Same code used in multiple functions but with minor differences - how to optimize?
这是Udacity课程的代码,我稍微改了一下。现在,当它 运行 时,它要求我提供电影名称,预告片将在浏览器中弹出(这是另一部分,未显示)。
如您所见,该程序中有很多重复代码,函数extract_name
、movie_poster_url
和movie_trailer_url
具有相同的代码。有没有办法摆脱重复相同的代码但具有相同的输出?如果是这样,它会 运行 更快吗?
import fresh_tomatoes
import media
import urllib
import requests
from BeautifulSoup import BeautifulSoup
name = raw_input("Enter movie name:- ")
global movie_name
def extract_html(name):
url = "website name" + name + "continuation of website name" + name + "again continuation of web site name"
response = requests.get(url)
page = str(BeautifulSoup(response.content))
return page
def extract_name(page):
start_link = page.find(' - IMDb</a></h3><div class="s"><div class="kv"')
start_url = page.find('>',start_link-140)
start_url1 = page.find('>', start_link-140)
end_url = page.find(' - IMDb</a>', start_link-140)
name_of_movie = page[start_url1+1:end_url]
return extract_char(name_of_movie)
def extract_char(name_of_movie):
name_array = []
for words in name_of_movie:
word = words.strip('</b>,')
name_array.append(word)
return ''.join(name_array)
def movie_poster_url(name_of_movie):
movie_name, seperator, tail = name_of_movie.partition(' (')
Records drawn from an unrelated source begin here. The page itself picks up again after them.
lemma run_invariant_init: "run_invariant (0, 0, 0, [x0], gap_est (H_S m_init (\<omega> 0)) x0)"
proof -
  have "1 \<le> \<alpha> * growth^K"
    using \<alpha>_ge_1 growth_ge_1 by (intro one_le_mult one_le_power)
  then show ?thesis
    using growth_ge_1 gap_nonneg[of x0]
    by (simp add: run_invariant_def precond_def le_mult_if_one_le)
qed

lemma run_invariant_restart:
  assumes inv: "run_invariant (t, I, k, xs, dI)"
    and restart: "gap_est (precond k) (candidate k I t xs) / dI > c * r^(Suc t - I)"
  shows "run_invariant (t, t, Suc k, xs, gap_est (precond (Suc k)) (xs ! t))"
proof -
  have len: "length xs = Suc t" and "I \<le> t" "k \<le> K"
    and epoch: "drop I xs = pfom_list \<psi> (precond k) (xs ! I) (t - I)"
    and gap_I: "gap (xs ! I) \<le> growth^k * r^I * gap x0"
    and early: "k < K \<longrightarrow> (\<forall>s. I \<le> s \<and> s \<le> t \<longrightarrow> gap (xs ! s) \<le> growth * r^(s - I) * gap (xs ! I))"
    using inv by (simp_all add: run_invariant_def)
  have "k < K"
    using last_level_no_restart[OF _ \<open>I \<le> t\<close>] epoch restart inv \<open>k \<le> K\<close>
    by (cases "k = K") (auto simp: run_invariant_def)
  have "gap (xs ! t) \<le> growth * r^(t - I) * gap (xs ! I)"
    using early \<open>k < K\<close> \<open>I \<le> t\<close> by blast
  also have "\<dots> \<le> growth * r^(t - I) * (growth^k * r^I * gap x0)"
    using gap_I growth_ge_1 r_pos by (intro mult_left_mono) auto
  also have "\<dots> = growth^(Suc k) * r^t * gap x0"
    using \<open>I \<le> t\<close> by (simp add: power_add[symmetric] mult_ac)
  finally have "gap (xs ! t) \<le> growth^(Suc k) * r^t * gap x0" .
  moreover have "drop t xs = [xs ! t]"
    using len by (metis Cons_nth_drop_Suc drop_all lessI order_refl)
  moreover have "gap (xs ! t) \<le> growth * gap (xs ! t)"
    using growth_ge_1 gap_nonneg by (rule le_mult_if_one_le)
  ultimately show ?thesis
    using inv \<open>k < K\<close> by (auto simp: run_invariant_def Suc_le_eq)
qed
lemma subincl_over_trans [trans]:
  assumes "subincl_over D E" "subincl_over E G"
  shows "subincl_over D G"
proof -
  obtain j where j: "subincl (fst D) j (fst E)" "\<forall>z\<in>els (fst D). snd E (j z) = snd D z"
    using assms(1) unfolding subincl_over_def by blast
  obtain j' where j': "subincl (fst E) j' (fst G)" "\<forall>z\<in>els (fst E). snd G (j' z) = snd E z"
    using assms(2) unfolding subincl_over_def by blast
  have "\<forall>z\<in>els (fst D). j z \<in> els (fst E)" using subinclD[OF j(1)] unfolding ogmorph_def by blast
  then have "\<forall>z\<in>els (fst D). snd G ((j' \<circ> j) z) = snd D z" using j(2) j'(2) by simp
  then show ?thesis using subincl.comp[OF j(1) j'(1)] unfolding subincl_over_def by blast
qed

lemma isoover_refl: "isoover D D"
  unfolding isoover_def using ogiso_id by fastforce

lemma isoover_sym:
  assumes "ogpos (fst D)" "isoover D E"
  shows "isoover E D"
proof -
  obtain \<phi> where \<phi>: "ogiso (fst D) \<phi> (fst E)" "\<forall>x\<in>els (fst D). snd E (\<phi> x) = snd D x"
    using assms(2) unfolding isoover_def by blast
  let ?\<psi> = "inv_into (els (fst D)) \<phi>"
  have "bij_betw \<phi> (els (fst D)) (els (fst E))" using \<phi>(1) unfolding ogiso_def by blast
  then have "\<forall>y\<in>els (fst E). snd D (?\<psi> y) = snd E y"
    using \<phi>(2) by (metis bij_betw_imp_surj_on f_inv_into_f inv_into_into)
  then show ?thesis using ogiso_inv[OF assms(1) \<phi>(1)] unfolding isoover_def by blast
qed

lemma isoover_imp_subincl_over:
  assumes "molecule (fst D)" "molecule (fst E)" "isoover D E"
  shows "subincl_over D E"
  using assms subincl.iso unfolding isoover_def subincl_over_def by blast

lemma molecule_of_isoover:
  assumes "isoover D E" "ogpos (fst D)" "molecule (fst E)"
  shows "molecule (fst D)"
  using isoover_sym[OF assms(2,1)] molecule_iso assms(2,3) unfolding isoover_def by blast

lemma composite_factors_subincl_over:
  assumes "composite V k H D1 D2"
  shows "subincl_over D1 H" and "subincl_over D2 H"
proof -
  obtain A B where AB: "is_paste k (fst H) A B"
    "isoover (restr (fst H) A, snd H) D1" "isoover (restr (fst H) B, snd H) D2"
    and cells: "cell V H" "cell V D1" "cell V D2"
    using assms unfolding composite_def by blast
  have mol: "molecule (fst H)" "molecule (fst D1)" "molecule (fst D2)"
    using cells unfolding cell_def by auto
  have og: "ogpos (fst H)" using molecule_ogpos[OF mol(1)] .
  have og_restr: "ogpos (restr (fst H) A)" "ogpos (restr (fst H) B)"
    using AB(1) ogpos_restr[OF og] unfolding is_paste_def by auto
  have molA: "molecule (restr (fst H) A)" and molB: "molecule (restr (fst H) B)"
    using molecule_of_isoover[OF AB(2)] molecule_of_isoover[OF AB(3)] og_restr mol by auto
  have "subincl_over (restr (fst H) A, snd H) H" "subincl_over (restr (fst H) B, snd H) H"
    using subincl.inl[OF og AB(1) molA molB] subincl.inr[OF og AB(1) molA molB]
    unfolding subincl_over_def by auto
  moreover have "isoover D1 (restr (fst H) A, snd H)" "isoover D2 (restr (fst H) B, snd H)"
    using isoover_sym[of "(restr (fst H) A, snd H)"] isoover_sym[of "(restr (fst H) B, snd H)"]
      AB(2,3) og_restr by simp_all
  then have "subincl_over D1 (restr (fst H) A, snd H)" "subincl_over D2 (restr (fst H) B, snd H)"
    using isoover_imp_subincl_over[of D1 "(restr (fst H) A, snd H)"]
      isoover_imp_subincl_over[of D2 "(restr (fst H) B, snd H)"] mol molA molB by simp_all
  ultimately show "subincl_over D1 H" "subincl_over D2 H" using subincl_over_trans by blast+
qed

section \<open>Strict functors preserve submolecule inclusions\<close>

context
  fixes U :: "'b ogp" and V :: "'c ogp" and F :: "(nat, 'b) pd \<Rightarrow> (nat, 'c) pd"
  assumes F: "strict_functor U V F"
begin

lemma F_cell: "cell U D \<Longrightarrow> cell V (F D)"
  using F unfolding strict_functor_def by blast

lemma F_isoover: "cell U D \<Longrightarrow> cell U E \<Longrightarrow> isoover D E \<Longrightarrow> isoover (F D) (F E)"
  using F unfolding strict_functor_def by blast

lemma F_composite: "composite U k H D1 D2 \<Longrightarrow> composite V k (F H) (F D1) (F D2)"
  using F unfolding strict_functor_def by blast

lemma composite_of_is_paste:
  assumes "cell U (P, g)" "is_paste k P A B" "molecule (restr P A)" "molecule (restr P B)"
  shows "composite U k (P, g) (restr P A, g) (restr P B, g)"
proof -
  have "closed_in P A" "closed_in P B" using assms(2) unfolding is_paste_def by auto
  then have "cell U (restr P A, g)" "cell U (restr P B, g)"
    using assms(1,3,4) ogmorph_restr unfolding cell_def by auto
  then show ?thesis unfolding composite_def using assms(1,2) isoover_refl by fastforce
qed

lemma F_subincl_over:
  "subincl W \<iota> X \<Longrightarrow> cell U (X, g) \<Longrightarrow> subincl_over (F (W, g \<circ> \<iota>)) (F (X, g))"
proof (induction W \<iota> X arbitrary: g rule: subincl.induct)
  case (iso W X f)
  have cell_W: "cell U (W, g \<circ> f)"
    using iso ogmorph_comp unfolding cell_def ogiso_def by auto
  moreover have "isoover (W, g \<circ> f) (X, g)" unfolding isoover_def using iso.hyps(3) by auto
  ultimately have "isoover (F (W, g \<circ> f)) (F (X, g))" using F_isoover iso.prems by blast
  moreover have "molecule (fst (F (W, g \<circ> f)))" "molecule (fst (F (X, g)))"
    using F_cell[OF cell_W] F_cell[OF iso.prems] unfolding cell_def by simp_all
  ultimately show ?case using isoover_imp_subincl_over by blast
next
  case (comp W f X h Y)
  have "cell U (X, g \<circ> h)"
    using comp.prems subinclD[OF comp.hyps(1)] subinclD[OF comp.hyps(2)] ogmorph_comp
    unfolding cell_def by auto
  then have "subincl_over (F (W, g \<circ> h \<circ> f)) (F (X, g \<circ> h))" by (rule comp.IH(1))
  also have "subincl_over (F (X, g \<circ> h)) (F (Y, g))" using comp.IH(2)[OF comp.prems] .
  finally show ?case unfolding comp_assoc .
next
  case (inl P k A B)
  have "composite U k (P, g) (restr P A, g) (restr P B, g)"
    by (rule composite_of_is_paste[OF inl.prems inl.hyps(2-4)])
  then show ?case using composite_factors_subincl_over(1)[OF F_composite] by simp
next
  case (inr P k A B)
  have "composite U k (P, g) (restr P A, g) (restr P B, g)"
    by (rule composite_of_is_paste[OF inr.prems inr.hyps(2-4)])
  then show ?case using composite_factors_subincl_over(2)[OF F_composite] by simp
qed

end

theorem mainTheorem19:
  fixes U V W :: "nat ogp" and F :: "(nat, nat) pd \<Rightarrow> (nat, nat) pd"
    and \<iota> :: "nat \<Rightarrow> nat"
  assumes "molecule U" and "molecule V"
    and "strict_functor U V F" and "active U V F"
    and "subincl W \<iota> U"
  shows "subincl (fst (F (W, \<iota>))) (snd (F (W, \<iota>))) V"
proof -
  have cell_id: "cell U (U, id)" using assms(1) ogiso_id unfolding cell_def ogiso_def by auto
  have "subincl_over (F (W, \<iota>)) (F (U, id))"
    using F_subincl_over[OF assms(3,5) cell_id] by simp
  also have "subincl_over (F (U, id)) (V, id)"
  proof -
    have "ogiso (fst (F (U, id))) (snd (F (U, id))) V"
      using assms(4) cell_id ogiso_id[of U] unfolding active_def by simp
    moreover have "molecule (fst (F (U, id)))" using F_cell[OF assms(3) cell_id] unfolding cell_def ..
    ultimately have "subincl (fst (F (U, id))) (snd (F (U, id))) V" using subincl.iso assms(2) by blast
    then show ?thesis unfolding subincl_over_def by auto
  qed
  finally obtain j where "subincl (fst (F (W, \<iota>))) j V"
    and "\<And>z. z \<in> els (fst (F (W, \<iota>))) \<Longrightarrow> snd (F (W, \<iota>)) z = j z"
    unfolding subincl_over_def by auto
  then show ?thesis by (rule subincl_cong)
qed

end
(* Let $\mathscr H$ be a complex Hilbert space and $\mathbf{S}=(S_1,\dots,S_d)$, $\mathbf{T}=(T_1,\dots,T_d)\in\mathbb{B}(\mathscr H)^d$ with $S_kT_k=T_kS_k$ for all $k=1,\dots,d$. Then $$w_e(\mathbf{S}\mathbf{T})\le 2\sqrt{d}\,w_e(\mathbf{S})\,w_e(\mathbf{T}).$$
   Context: $\mathbb{B}(\mathscr H)$ denotes the bounded linear operators on $\mathscr H$. For $\mathbf{T}\in\mathbb{B}(\mathscr H)^d$, $w_e(\mathbf{T})=\sup\{(\sum_{k=1}^d|\langle T_kx,x\rangle|^2)^{1/2}: \|x\|=1\}$. Products are componentwise: $\mathbf{S}\mathbf{T}=(S_1T_1,\dots,S_dT_d)$. *)

theory Defs
  imports "HOL-Analysis.Analysis"
begin

text \<open>A complex Hilbert space is modelled as a real Hilbert space (type class
  real_inner + complete_space) together with an orthogonal complex structure J
  (multiplication by the imaginary unit): J is real-linear, J (J x) = - x, and
  J preserves the real inner product.  Complex scalar multiplication is then
  (a + i b) x = a x + b (J x).\<close>

definition complex_structure :: "('a::real_inner \<Rightarrow> 'a) \<Rightarrow> bool" where
  "complex_structure J \<longleftrightarrow> linear J \<and> (\<forall>x. J (J x) = - x) \<and> (\<forall>x y. inner (J x) (J y) = inner x y)"

text \<open>The complex inner product, linear in the first and conjugate-linear in the
  second argument: cinner J (J x) y = i * cinner J x y, and cinner J x x = norm x ^ 2.\<close>

definition cinner :: "('a::real_inner \<Rightarrow> 'a) \<Rightarrow> 'a \<Rightarrow> 'a \<Rightarrow> complex" where
  "cinner J x y = Complex (inner x y) (- inner (J x) y)"

definition cbounded :: "('a::real_inner \<Rightarrow> 'a) \<Rightarrow> ('a \<Rightarrow> 'a) \<Rightarrow> bool" where
  "cbounded J T \<longleftrightarrow> bounded_linear T \<and> (\<forall>x. T (J x) = J (T x))"

text \<open>Euclidean operator radius of the d-tuple (T 0, ..., T (d-1)).  The 0 is inserted
  only so that the supremum is 0 on the trivial space; it does not change the value
  otherwise.\<close>

definition euclid_radius :: "('a::real_inner \<Rightarrow> 'a) \<Rightarrow> nat \<Rightarrow> (nat \<Rightarrow> 'a \<Rightarrow> 'a) \<Rightarrow> real" where
  "euclid_radius J d T =
     Sup (insert 0 ((\<lambda>x. sqrt (\<Sum>k<d. (cmod (cinner J (T k x) x))\<^sup>2)) ` {x. norm x = 1}))"

end

theory Submission
  imports Defs
begin

text \<open>For a single pair of commuting operators with numerical radii at most 1, put
  \<open>V\<^sub>1 = A + B\<close> and \<open>V\<^sub>2 = i(A - B)\<close>: both have numerical radius at most 2, and
  \<open>V\<^sub>1\<^sup>2 + V\<^sub>2\<^sup>2 = 2(AB + BA) = 4AB\<close>.  The power inequality in its elementary form
  \<open>Re \<langle>V\<^sup>2x, x\<rangle> \<le> w(V)\<^sup>2 \<parallel>x\<parallel>\<^sup>2\<close> then gives \<open>Re \<langle>ABx, x\<rangle> \<le> 2 \<parallel>x\<parallel>\<^sup>2\<close>, and rotating \<open>A\<close> by a
  unimodular scalar turns this into \<open>w(AB) \<le> 2\<close>; by homogeneity \<open>w(AB) \<le> 2 w(A) w(B)\<close>.
  Summing the squares of these bounds over the \<open>d\<close> coordinates yields the factor \<open>\<surd>d\<close>.\<close>

definition complex_linear :: "('a::real_inner \<Rightarrow> 'a) \<Rightarrow> ('a \<Rightarrow> 'a) \<Rightarrow> bool" where
  "complex_linear J A \<longleftrightarrow> linear A \<and> (\<forall>x. A (J x) = J (A x))"

definition cscale :: "('a::real_inner \<Rightarrow> 'a) \<Rightarrow> complex \<Rightarrow> 'a \<Rightarrow> 'a" where
  "cscale J w y = Re w *\<^sub>R y + Im w *\<^sub>R J y"

definition numerical_radius_le :: "('a::real_inner \<Rightarrow> 'a) \<Rightarrow> ('a \<Rightarrow> 'a) \<Rightarrow> real \<Rightarrow> bool" where
  "numerical_radius_le J V c \<longleftrightarrow> (\<forall>u. cmod (cinner J (V u) u) \<le> c * (norm u)\<^sup>2)"

lemma Re_cinner: "Re (cinner J y x) = inner y x"
  by (simp add: cinner_def)

lemma cinner_add_left: "linear J \<Longrightarrow> cinner J (y + z) x = cinner J y x + cinner J z x"
  by (simp add: cinner_def complex_eq_iff linear_add inner_add_left)

lemma cinner_scaleR_left: "linear J \<Longrightarrow> cinner J (r *\<^sub>R y) x = of_real r * cinner J y x"
  by (simp add: cinner_def complex_eq_iff linear_scale)

lemma cinner_scaleR_right: "cinner J y (r *\<^sub>R x) = of_real r * cinner J y x"
  by (simp add: cinner_def complex_eq_iff)

lemma cinner_J_left: "complex_structure J \<Longrightarrow> cinner J (J y) x = \<i> * cinner J y x"
  by (simp add: cinner_def complex_eq_iff complex_structure_def)

lemma cinner_cscale_left:
  assumes "complex_structure J"
  shows "cinner J (cscale J w y) x = w * cinner J y x"
proof -
  have "linear J" using assms by (simp add: complex_structure_def)
  then have "cinner J (cscale J w y) x = of_real (Re w) * cinner J y x + of_real (Im w) * (\<i> * cinner J y x)"
    unfolding cscale_def by (simp add: cinner_add_left cinner_scaleR_left cinner_J_left[OF assms])
  also have "\<dots> = w * cinner J y x"
    by (simp add: complex_eq_iff)
  finally show ?thesis .
qed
#movie_name = name_of_movie.rstrip('()0123456789 ')
page = urllib.urlopen('another web site name' + movie_name + 'continuation of website name').read()
start_link = page.find('"Poster":')
start_url = page.find('"',start_link+9)
end_url = page.find('"',start_url+1)
poster_url = page[start_url+1:end_url]
return poster_url
def movie_trailer_url(name_of_movie):
movie_name, seperator, tail = name_of_movie.partition(' (')
#movie_name = name_of_movie.rstrip('()0123456789 ')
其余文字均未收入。